Des certifications et des labels pour renforcer la visibilité des productions agroécologiques

Différentes certifications et labels contribuent à donner de la visibilité aux produits agroécologiques sur les marchés et à faciliter leur commercialisation. L’agroécologie est un concept qui a beaucoup évolué et qui renvoie tout à la fois à une discipline scientifique, à un ensemble de pratiques agricoles et à un mouvement social. D’autres concepts (agricultures biologique, raisonnée, intégrée, de conservation, climato-intelligente ou encore écologiquement intensive) qualifient des agricultures aux impacts moindres sur l’environnement dans une perspective de développement durable. Ces agricultures correspondent à différents niveaux d’agroécologie.

En Afrique, la certification Biologique prend de l’ampleur. Les cultures à l’export sont particulièrement concernées mais un marché local pour le bio se développe également pour les autres cultures, notamment avec l’utilisation des Systèmes participatifs de garantie. L’export, c’est la direction privilégiée par l’UIREC, faute de marché local suffisamment porteur.

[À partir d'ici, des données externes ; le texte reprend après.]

(* Let $(S,\sqcup,\cap)$ be an ado-semilattice and $a,b,d\in S$. If $a$ and $b$ have an upper bound in $(S,\leq)$ and $d\lesssim a$ and $d\lesssim b$, then $d\lesssim a\cap b$.
   Context: An o-semilattice is an algebra $(L,\cap,\sqcup)$ such that $(L,\cap)$ is a semilattice and, with $x\leq y$ iff $x=x\cap y$, for all $x,y,z$: (i) $x\leq x\sqcup y$; (ii) $(x\cap y)\sqcup(y\cap z)\leq y$; (iii) $x\sqcup y\leq x\sqcup(y\cap(x\sqcup y))$; (iv) $x\cap z\leq(x\cap y)\sqcup z$. It is distributive if $(a\cap d)\sqcup((b\cap d)\cap(c\cap d))=((a\cap d)\sqcup(b\cap d))\cap((a\cap d)\sqcup(c\cap d))$ for all $a,b,c,d$. An ado-semilattice is a distributive o-semilattice in which $\sqcup$ is associative. Here $\leq$ is the semilattice order ($x\leq y$ iff $x=x\cap y$) and $x\lesssim y$ means $y\sqcup x=y$. *)

theory Defs
  imports Main
begin

definition sl_le :: "('a \<Rightarrow> 'a \<Rightarrow> 'a) \<Rightarrow> 'a \<Rightarrow> 'a \<Rightarrow> bool" where
  "sl_le m x y \<longleftrightarrow> x = m x y"

definition lesssim :: "('a \<Rightarrow> 'a \<Rightarrow> 'a) \<Rightarrow> 'a \<Rightarrow> 'a \<Rightarrow> bool" where
  "lesssim j x y \<longleftrightarrow> j y x = y"

definition semilattice_op :: "('a \<Rightarrow> 'a \<Rightarrow> 'a) \<Rightarrow> bool" where
  "semilattice_op m \<longleftrightarrow>
     (\<forall>x y z. m (m x y) z = m x (m y z)) \<and>
     (\<forall>x y. m x y = m y x) \<and>
     (\<forall>x. m x x = x)"

definition o_semilattice :: "('a \<Rightarrow> 'a \<Rightarrow> 'a) \<Rightarrow> ('a \<Rightarrow> 'a \<Rightarrow> 'a) \<Rightarrow> bool" where
  "o_semilattice m j \<longleftrightarrow> semilattice_op m \<and>
     (\<forall>x y. sl_le m x (j x y)) \<and>
     (\<forall>x y z. sl_le m (j (m x y) (m y z)) y) \<and>
     (\<forall>x y. sl_le m (j x y) (j x (m y (j x y)))) \<and>
     (\<forall>x y z. sl_le m (m x z) (j (m x y) z))"

definition distributive_os :: "('a \<Rightarrow> 'a \<Rightarrow> 'a) \<Rightarrow> ('a \<Rightarrow> 'a \<Rightarrow> 'a) \<Rightarrow> bool" where
  "distributive_os m j \<longleftrightarrow> o_semilattice m j \<and>
     (\<forall>a b c d. j (m a d) (m (m b d) (m c d)) = m (j (m a d) (m b d)) (j (m a d) (m c d)))"

definition ado_semilattice :: "('a \<Rightarrow> 'a \<Rightarrow> 'a) \<Rightarrow> ('a \<Rightarrow> 'a \<Rightarrow> 'a) \<Rightarrow> bool" where
  "ado_semilattice m j \<longleftrightarrow> distributive_os m j \<and> (\<forall>x y z. j (j x y) z = j x (j y z))"

end

theory Submission
  imports Defs
begin

text \<open>Below a common upper bound \<open>s\<close>, the operation \<open>\<squnion>\<close> is the least upper bound, it is
commutative, and \<open>x \<lesssim> y\<close> coincides with \<open>x \<le> y\<close>. Put \<open>c = a \<inter> b\<close>, \<open>w = a \<squnion> b\<close> and
\<open>t = c \<squnion> d\<close>; associativity gives \<open>a \<squnion> t = a\<close> and \<open>b \<squnion> t = b\<close>. To compare \<open>t\<close> with \<open>a\<close> and
\<open>b\<close> one needs a common bound, and \<open>t \<squnion> w\<close> is one as soon as \<open>w \<le> t \<squnion> w\<close>. That inequality is
where axiom (iii) and distributivity enter: \<open>r = w \<inter> (t \<squnion> w)\<close> satisfies \<open>a \<squnion> r = b \<squnion> r = w\<close>,
hence \<open>r = r \<squnion> c = (r \<squnion> a) \<inter> (r \<squnion> b) = w\<close>. Then \<open>t \<le> a\<close>, \<open>t \<le> b\<close>, so \<open>t \<le> c \<le> t\<close>.\<close>

locale o_semilattice_struct =
  fixes meet join :: "'a \<Rightarrow> 'a \<Rightarrow> 'a"
  assumes o_semilattice: "o_semilattice meet join"
begin

abbreviation below :: "'a \<Rightarrow> 'a \<Rightarrow> bool"  (infix \<open>\<preceq>\<close> 50)
  where "x \<preceq> y \<equiv> sl_le meet x y"

abbreviation lesssim_join :: "'a \<Rightarrow> 'a \<Rightarrow> bool"  (infix \<open>\<lesssim>\<close> 50)
  where "x \<lesssim> y \<equiv> lesssim join x y"

sublocale semilattice_order meet "(\<preceq>)" "\<lambda>x y. x \<preceq> y \<and> x \<noteq> y"
  using o_semilattice
  by unfold_locales (auto simp: o_semilattice_def semilattice_op_def sl_le_def)

lemma le_join: "x \<preceq> join x y"
  using o_semilattice by (simp add: o_semilattice_def)

lemma join_meet_meet_le: "join (meet x y) (meet y z) \<preceq> y"
  using o_semilattice by (simp add: o_semilattice_def)

lemma join_le_join_meet_join: "join x y \<preceq> join x (meet y (join x y))"
  using o_semilattice by (simp add: o_semilattice_def)

lemma meet_le_join_meet: "meet x y \<preceq> join (meet x z) y"
  using o_semilattice by (simp add: o_semilattice_def)

lemma join_least:
  assumes "x \<preceq> s" and "y \<preceq> s"
  shows "join x y \<preceq> s"
  using join_meet_meet_le [of x s y] assms by (simp add: absorb1 absorb2)

lemma le_join_bounded:
  assumes "x \<preceq> s" and "y \<preceq> s"
  shows "y \<preceq> join x y"
  using meet_le_join_meet [of s y x] assms by (simp add: absorb2)

lemma join_commute_bounded:
  assumes "x \<preceq> s" and "y \<preceq> s"
  shows "join x y = join y x"
proof (rule antisym)
  show "join x y \<preceq> join y x"
    by (rule join_least) (use le_join_bounded [OF assms(2,1)] le_join in auto)
  show "join y x \<preceq> join x y"
    by (rule join_least) (use le_join_bounded [OF assms] le_join in auto)
qed

lemma le_imp_lesssim: "x \<preceq> y \<Longrightarrow> x \<lesssim> y"
  unfolding lesssim_def by (intro antisym join_least le_join refl)

lemma le_imp_join_eq: "x \<preceq> y \<Longrightarrow> join x y = y"
  by (intro antisym join_least le_join_bounded [of x y] refl)

lemma lesssim_imp_le_bounded:
  assumes "x \<preceq> s" and "y \<preceq> s" and "x \<lesssim> y"
  shows "x \<preceq> y"
  using meet_le_join_meet [of s x y] assms by (simp add: absorb2 lesssim_def)

end

locale ado_semilattice_struct =
  fixes meet join :: "'a \<Rightarrow> 'a \<Rightarrow> 'a"
  assumes ado_semilattice: "ado_semilattice meet join"
begin

sublocale o_semilattice_struct meet join
  using ado_semilattice
  by unfold_locales (simp add: ado_semilattice_def distributive_os_def)

lemma join_assoc: "join (join x y) z = join x (join y z)"
  using ado_semilattice by (simp add: ado_semilattice_def)

lemma join_meet_distrib_bounded:
  assumes "x \<preceq> s" and "y \<preceq> s" and "z \<preceq> s"
  shows "join x (meet y z) = meet (join x y) (join x z)"
proof -
  have "join (meet x s) (meet (meet y s) (meet z s))
      = meet (join (meet x s) (meet y s)) (join (meet x s) (meet z s))"
    using ado_semilattice by (simp add: ado_semilattice_def distributive_os_def)
  with assms show ?thesis
    by (simp add: absorb1)
qed

lemma lesssim_join_lower:
  assumes "c \<preceq> a" and "d \<lesssim> a"
  shows "join c d \<lesssim> a"
  using assms le_imp_lesssim [OF assms(1)]
  by (simp add: lesssim_def join_assoc [symmetric])

lemma join_meet_join_eq:
  assumes "t \<lesssim> a" and "a \<preceq> w"
  shows "join a (meet w (join t w)) = w"
proof (rule antisym)
  have "join a (join t w) = w"
    using assms by (simp add: lesssim_def join_assoc [symmetric] le_imp_join_eq)
  then show "w \<preceq> join a (meet w (join t w))"
    using join_le_join_meet_join [of a "join t w"] by (simp add: commute)
  show "join a (meet w (join t w)) \<preceq> w"
    using assms(2) by (intro join_least) auto
qed

lemma join_le_join_join_of_lesssim:
  assumes "a \<preceq> u" and "b \<preceq> u"
    and "t \<lesssim> a" and "t \<lesssim> b" and "meet a b \<preceq> t"
  shows "join a b \<preceq> join t (join a b)"
proof -
  define w where "w = join a b"
  define r where "r = meet w (join t w)"
  have "a \<preceq> w" "b \<preceq> w" "r \<preceq> w"
    using assms(1,2) le_join le_join_bounded by (auto simp: w_def r_def)
  have "join r a = w" "join r b = w"
    using join_meet_join_eq [OF assms(3) \<open>a \<preceq> w\<close>] join_meet_join_eq [OF assms(4) \<open>b \<preceq> w\<close>]
      join_commute_bounded [OF \<open>r \<preceq> w\<close>] \<open>a \<preceq> w\<close> \<open>b \<preceq> w\<close>
    by (simp_all add: r_def)
  then have "join r (meet a b) = w"
    using join_meet_distrib_bounded [OF \<open>r \<preceq> w\<close> \<open>a \<preceq> w\<close> \<open>b \<preceq> w\<close>] by simp
  moreover have "meet a b \<preceq> r"
    using \<open>a \<preceq> w\<close> assms(5) le_join [of t w] by (auto simp: r_def intro: coboundedI1 trans)
  then have "join r (meet a b) = r"
    using le_imp_lesssim by (simp add: lesssim_def)
  ultimately have "r = w"
    by simp
  then show ?thesis
    by (simp add: r_def w_def order_iff)
qed

lemma lesssim_meet:
  assumes "a \<preceq> u" and "b \<preceq> u" and "d \<lesssim> a" and "d \<lesssim> b"
  shows "d \<lesssim> meet a b"
proof -
  define t where "t = join (meet a b) d"
  have "t \<lesssim> a" "t \<lesssim> b"
    using assms(3,4) by (simp_all add: t_def lesssim_join_lower)
  have "meet a b \<preceq> t"
    by (simp add: t_def le_join)
  define v where "v = join t (join a b)"
  have "join a b \<preceq> v"
    using join_le_join_join_of_lesssim [OF assms(1,2) \<open>t \<lesssim> a\<close> \<open>t \<lesssim> b\<close> \<open>meet a b \<preceq> t\<close>]
    by (simp add: v_def)
  then have "a \<preceq> v" "b \<preceq> v"
    using le_join [of a b] le_join_bounded [OF assms(1,2)] by (auto intro: trans)
  moreover have "t \<preceq> v"
    by (simp add: v_def le_join)
  ultimately have "t \<preceq> a" "t \<preceq> b"
    using lesssim_imp_le_bounded \<open>t \<lesssim> a\<close> \<open>t \<lesssim> b\<close> by blast+
  then have "t = meet a b"
    using \<open>meet a b \<preceq> t\<close> by (simp add: antisym)
  then show ?thesis
    by (simp add: lesssim_def t_def)
qed

end

theorem lemma3p5:
  fixes meet join :: "'a \<Rightarrow> 'a \<Rightarrow> 'a" and a b d :: 'a
  assumes "ado_semilattice meet join"
    and "\<exists>u. sl_le meet a u \<and> sl_le meet b u"
    and "lesssim join d a" and "lesssim join d b"
  shows "lesssim join d (meet a b)"
proof -
  interpret ado_semilattice_struct meet join
    by (rule ado_semilattice_struct.intro) (fact assms(1))
  from assms(2) obtain u where "sl_le meet a u" and "sl_le meet b u"
    by blast
  then show ?thesis
    using lesssim_meet assms(3,4) by blast
qed

end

« La difficulté à atteindre les marchés bio est aussi un grand problème et la recherche de marché (client ou acheteur) est l'étape clé pour valoriser tout le travail d'avant certification.»

Un parcours long et exigeant pour obtenir la certification bio

Malgré les bons résultats obtenus des premières campagnes, le passage à la production sous le label Bio n’est pas évident pour certains producteurs. Le processus de certification est long et coûteux. Pour pallier cela, l’UIREC a mis en place « des parcelles d'expérimentation pour passer au cacao bio. Au vu des résultats obtenus sur ces parcelles, les producteurs adhèrent plus facilement. Aujourd’hui, ce sont 200 producteurs de l’UIREC qui sont engagés dans la certification Bio. »

Que dire aux producteurs qui souhaitent s’engager dans cette démarche ?

« Selon notre petite expérience, pour réussir une telle démarche, il faut avant tout pouvoir compter sur des producteurs soucieux d'un tel projet. Il faut s'assurer qu’ils comprennent bien le mécanisme et le processus de certification. Une bonne équipe de suivi (inspecteur qualité et inspecteur interne) est également importante. Nous avons mobilisé et formé nos paysans-relais et nos animateurs de coopératives pour cela. Je conseille de faire plusieurs inspections inopinées dans les parcelles choisies pour la certification pour ne pas avoir de mauvaise surprise par la suite. 
Et puis, pour réussir, il faut disposer de moyens financiers parce que la formation ainsi que le matériel de géolocalisation et les prestations des tiers intervenants dans le processus, coûtent cher.»

[1] « Valeurs ajoutées de l’agroécologie : déverrouiller le potentiel de transition en Afrique de l’Ouest » paru en juillet 2020, l’IPES-Food


[1] Projet mis en œuvre avec le soutien financier de l’Araa de la CEDEAO et de l’AFD.